Record excerpts
BEGIN

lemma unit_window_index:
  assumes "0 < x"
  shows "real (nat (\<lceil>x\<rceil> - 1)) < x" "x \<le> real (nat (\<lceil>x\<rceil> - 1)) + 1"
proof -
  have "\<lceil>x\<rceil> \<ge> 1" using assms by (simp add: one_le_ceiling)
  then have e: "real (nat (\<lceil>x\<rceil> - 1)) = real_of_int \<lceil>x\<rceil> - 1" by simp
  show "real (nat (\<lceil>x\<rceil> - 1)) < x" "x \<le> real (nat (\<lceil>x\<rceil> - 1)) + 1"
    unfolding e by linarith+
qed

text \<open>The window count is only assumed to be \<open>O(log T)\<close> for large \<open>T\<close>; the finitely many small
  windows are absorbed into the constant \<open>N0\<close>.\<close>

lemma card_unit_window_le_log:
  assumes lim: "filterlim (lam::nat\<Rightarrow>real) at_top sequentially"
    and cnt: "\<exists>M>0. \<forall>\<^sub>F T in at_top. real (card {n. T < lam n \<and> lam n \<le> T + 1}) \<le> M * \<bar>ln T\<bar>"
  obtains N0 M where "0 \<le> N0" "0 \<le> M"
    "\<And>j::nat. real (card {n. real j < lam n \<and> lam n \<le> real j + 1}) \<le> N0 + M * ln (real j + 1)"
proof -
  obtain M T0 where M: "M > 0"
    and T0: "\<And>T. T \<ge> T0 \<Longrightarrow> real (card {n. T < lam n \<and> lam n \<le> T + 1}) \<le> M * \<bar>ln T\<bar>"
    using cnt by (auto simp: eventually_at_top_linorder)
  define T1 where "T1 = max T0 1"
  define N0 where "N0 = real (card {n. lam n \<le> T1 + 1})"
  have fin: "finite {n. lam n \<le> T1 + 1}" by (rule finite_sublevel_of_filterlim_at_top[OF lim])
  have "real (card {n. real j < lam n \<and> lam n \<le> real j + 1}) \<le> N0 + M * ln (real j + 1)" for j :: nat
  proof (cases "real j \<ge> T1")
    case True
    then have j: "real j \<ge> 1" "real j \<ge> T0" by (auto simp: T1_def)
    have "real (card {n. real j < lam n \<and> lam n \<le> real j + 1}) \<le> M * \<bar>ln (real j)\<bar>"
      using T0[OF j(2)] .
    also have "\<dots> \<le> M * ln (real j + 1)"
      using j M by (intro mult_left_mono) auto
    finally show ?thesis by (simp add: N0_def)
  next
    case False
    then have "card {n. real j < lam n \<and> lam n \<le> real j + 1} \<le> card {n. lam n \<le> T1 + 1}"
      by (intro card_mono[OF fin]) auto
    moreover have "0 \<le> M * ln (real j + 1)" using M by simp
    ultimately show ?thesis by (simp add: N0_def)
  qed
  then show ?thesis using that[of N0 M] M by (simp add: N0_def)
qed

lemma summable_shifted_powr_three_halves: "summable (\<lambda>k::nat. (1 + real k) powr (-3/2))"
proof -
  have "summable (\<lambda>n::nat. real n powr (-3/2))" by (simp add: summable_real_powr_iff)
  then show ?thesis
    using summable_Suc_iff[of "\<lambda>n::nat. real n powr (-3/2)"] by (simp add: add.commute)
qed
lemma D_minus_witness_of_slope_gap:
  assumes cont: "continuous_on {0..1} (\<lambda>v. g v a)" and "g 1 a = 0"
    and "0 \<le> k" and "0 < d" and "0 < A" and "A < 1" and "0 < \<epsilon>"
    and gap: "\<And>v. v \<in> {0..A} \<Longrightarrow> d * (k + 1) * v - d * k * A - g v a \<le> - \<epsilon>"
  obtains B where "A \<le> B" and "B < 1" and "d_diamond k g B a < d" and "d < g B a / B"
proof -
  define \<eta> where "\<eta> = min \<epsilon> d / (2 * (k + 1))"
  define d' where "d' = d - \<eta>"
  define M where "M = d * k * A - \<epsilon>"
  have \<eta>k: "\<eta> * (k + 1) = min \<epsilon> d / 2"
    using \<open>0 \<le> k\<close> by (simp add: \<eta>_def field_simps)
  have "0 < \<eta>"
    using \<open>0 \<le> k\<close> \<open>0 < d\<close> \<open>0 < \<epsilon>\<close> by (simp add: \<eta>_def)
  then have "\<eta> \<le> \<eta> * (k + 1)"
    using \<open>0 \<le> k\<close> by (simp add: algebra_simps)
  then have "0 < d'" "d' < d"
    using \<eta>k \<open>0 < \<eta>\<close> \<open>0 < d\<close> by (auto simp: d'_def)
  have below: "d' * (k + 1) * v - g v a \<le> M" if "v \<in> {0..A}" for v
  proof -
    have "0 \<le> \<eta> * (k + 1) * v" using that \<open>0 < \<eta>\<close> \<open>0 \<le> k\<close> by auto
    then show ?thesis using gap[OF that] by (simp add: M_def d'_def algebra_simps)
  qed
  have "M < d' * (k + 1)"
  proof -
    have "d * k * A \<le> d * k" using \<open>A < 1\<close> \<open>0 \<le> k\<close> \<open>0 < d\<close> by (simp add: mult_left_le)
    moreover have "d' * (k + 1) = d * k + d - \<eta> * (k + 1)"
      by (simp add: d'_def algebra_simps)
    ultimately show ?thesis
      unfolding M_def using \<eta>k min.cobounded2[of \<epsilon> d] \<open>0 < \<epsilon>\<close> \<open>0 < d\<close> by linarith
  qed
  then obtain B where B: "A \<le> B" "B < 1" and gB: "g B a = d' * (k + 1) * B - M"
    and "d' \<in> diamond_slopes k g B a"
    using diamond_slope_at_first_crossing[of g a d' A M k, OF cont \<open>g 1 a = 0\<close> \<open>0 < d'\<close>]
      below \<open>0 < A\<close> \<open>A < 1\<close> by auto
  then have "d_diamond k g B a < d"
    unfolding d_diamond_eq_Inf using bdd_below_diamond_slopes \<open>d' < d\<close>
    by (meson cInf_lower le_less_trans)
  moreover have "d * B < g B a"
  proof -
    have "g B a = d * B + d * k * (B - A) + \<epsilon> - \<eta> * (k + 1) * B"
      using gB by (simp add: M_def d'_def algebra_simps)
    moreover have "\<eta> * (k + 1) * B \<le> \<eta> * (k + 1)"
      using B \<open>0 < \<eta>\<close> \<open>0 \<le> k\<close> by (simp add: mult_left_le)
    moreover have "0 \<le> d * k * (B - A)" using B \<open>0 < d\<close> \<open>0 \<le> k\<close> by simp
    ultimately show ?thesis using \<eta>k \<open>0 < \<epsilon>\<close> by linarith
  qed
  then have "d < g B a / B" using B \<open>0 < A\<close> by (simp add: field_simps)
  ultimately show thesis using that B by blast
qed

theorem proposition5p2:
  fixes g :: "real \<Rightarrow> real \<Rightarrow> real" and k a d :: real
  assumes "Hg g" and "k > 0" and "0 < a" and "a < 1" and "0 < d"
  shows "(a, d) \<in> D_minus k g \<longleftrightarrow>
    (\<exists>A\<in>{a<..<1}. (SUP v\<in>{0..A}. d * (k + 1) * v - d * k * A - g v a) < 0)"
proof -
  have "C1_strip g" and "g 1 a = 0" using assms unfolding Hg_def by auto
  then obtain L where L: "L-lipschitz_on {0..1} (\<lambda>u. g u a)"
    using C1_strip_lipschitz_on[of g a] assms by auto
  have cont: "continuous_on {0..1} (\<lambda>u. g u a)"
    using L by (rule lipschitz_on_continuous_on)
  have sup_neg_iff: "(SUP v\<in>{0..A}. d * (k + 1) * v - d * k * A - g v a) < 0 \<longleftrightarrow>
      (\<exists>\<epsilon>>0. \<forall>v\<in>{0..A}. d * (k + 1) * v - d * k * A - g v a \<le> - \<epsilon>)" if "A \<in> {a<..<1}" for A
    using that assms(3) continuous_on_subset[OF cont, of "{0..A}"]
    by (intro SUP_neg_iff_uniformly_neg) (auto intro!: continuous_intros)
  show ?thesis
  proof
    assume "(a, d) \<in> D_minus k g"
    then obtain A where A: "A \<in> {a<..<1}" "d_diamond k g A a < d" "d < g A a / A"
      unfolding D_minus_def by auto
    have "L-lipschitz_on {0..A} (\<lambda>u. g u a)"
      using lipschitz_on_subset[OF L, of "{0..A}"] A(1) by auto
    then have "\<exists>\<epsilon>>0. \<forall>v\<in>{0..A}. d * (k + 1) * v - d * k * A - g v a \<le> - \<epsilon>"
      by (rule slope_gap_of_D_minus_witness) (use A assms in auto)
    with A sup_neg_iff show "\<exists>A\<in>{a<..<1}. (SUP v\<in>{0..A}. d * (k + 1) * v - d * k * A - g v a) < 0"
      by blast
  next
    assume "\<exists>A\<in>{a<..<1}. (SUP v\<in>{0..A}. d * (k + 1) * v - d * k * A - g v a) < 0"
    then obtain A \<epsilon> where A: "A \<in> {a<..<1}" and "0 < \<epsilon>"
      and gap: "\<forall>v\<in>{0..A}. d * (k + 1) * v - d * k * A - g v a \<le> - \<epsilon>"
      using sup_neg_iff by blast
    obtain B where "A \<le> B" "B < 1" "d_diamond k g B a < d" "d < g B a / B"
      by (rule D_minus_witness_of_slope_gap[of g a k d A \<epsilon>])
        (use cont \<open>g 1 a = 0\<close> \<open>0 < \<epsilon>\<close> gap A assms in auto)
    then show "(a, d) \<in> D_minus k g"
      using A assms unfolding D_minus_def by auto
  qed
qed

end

END

What the task requires
What goes in the answer is the run of lines from the one holding "by (intro SUP_neg_iff_uniformly_neg)" to the end of the entries, reproduced exactly and with nothing else.

Task response
    by (intro SUP_neg_iff_uniformly_neg) (auto intro!: continuous_intros)
  show ?thesis
  proof
    assume "(a, d) \<in> D_minus k g"
    then obtain A where A: "A \<in> {a<..<1}" "d_diamond k g A a < d" "d < g A a / A"
      unfolding D_minus_def by auto
    have "L-lipschitz_on {0..A} (\<lambda>u. g u a)"
      using lipschitz_on_subset[OF L, of "{0..A}"] A(1) by auto
    then have "\<exists>\<epsilon>>0. \<forall>v\<in>{0..A}. d * (k + 1) * v - d * k * A - g v a \<le> - \<epsilon>"
      by (rule slope_gap_of_D_minus_witness) (use A assms in auto)
    with A sup_neg_iff show "\<exists>A\<in>{a<..<1}. (SUP v\<in>{0..A}. d * (k + 1) * v - d * k * A - g v a) < 0"
      by blast
  next
    assume "\<exists>A\<in>{a<..<1}. (SUP v\<in>{0..A}. d * (k + 1) * v - d * k * A - g v a) < 0"
    then obtain A \<epsilon> where A: "A \<in> {a<..<1}" and "0 < \<epsilon>"
      and gap: "\<forall>v\<in>{0..A}. d * (k + 1) * v - d * k * A - g v a \<le> - \<epsilon>"
      using sup_neg_iff by blast
    obtain B where "A \<le> B" "B < 1" "d_diamond k g B a < d" "d < g B a / B"
      by (rule D_minus_witness_of_slope_gap[of g a k d A \<epsilon>])
        (use cont \<open>g 1 a = 0\<close> \<open>0 < \<epsilon>\<close> gap A assms in auto)
    then show "(a, d) \<in> D_minus k g"
      using A assms unfolding D_minus_def by auto
  qed
qed

end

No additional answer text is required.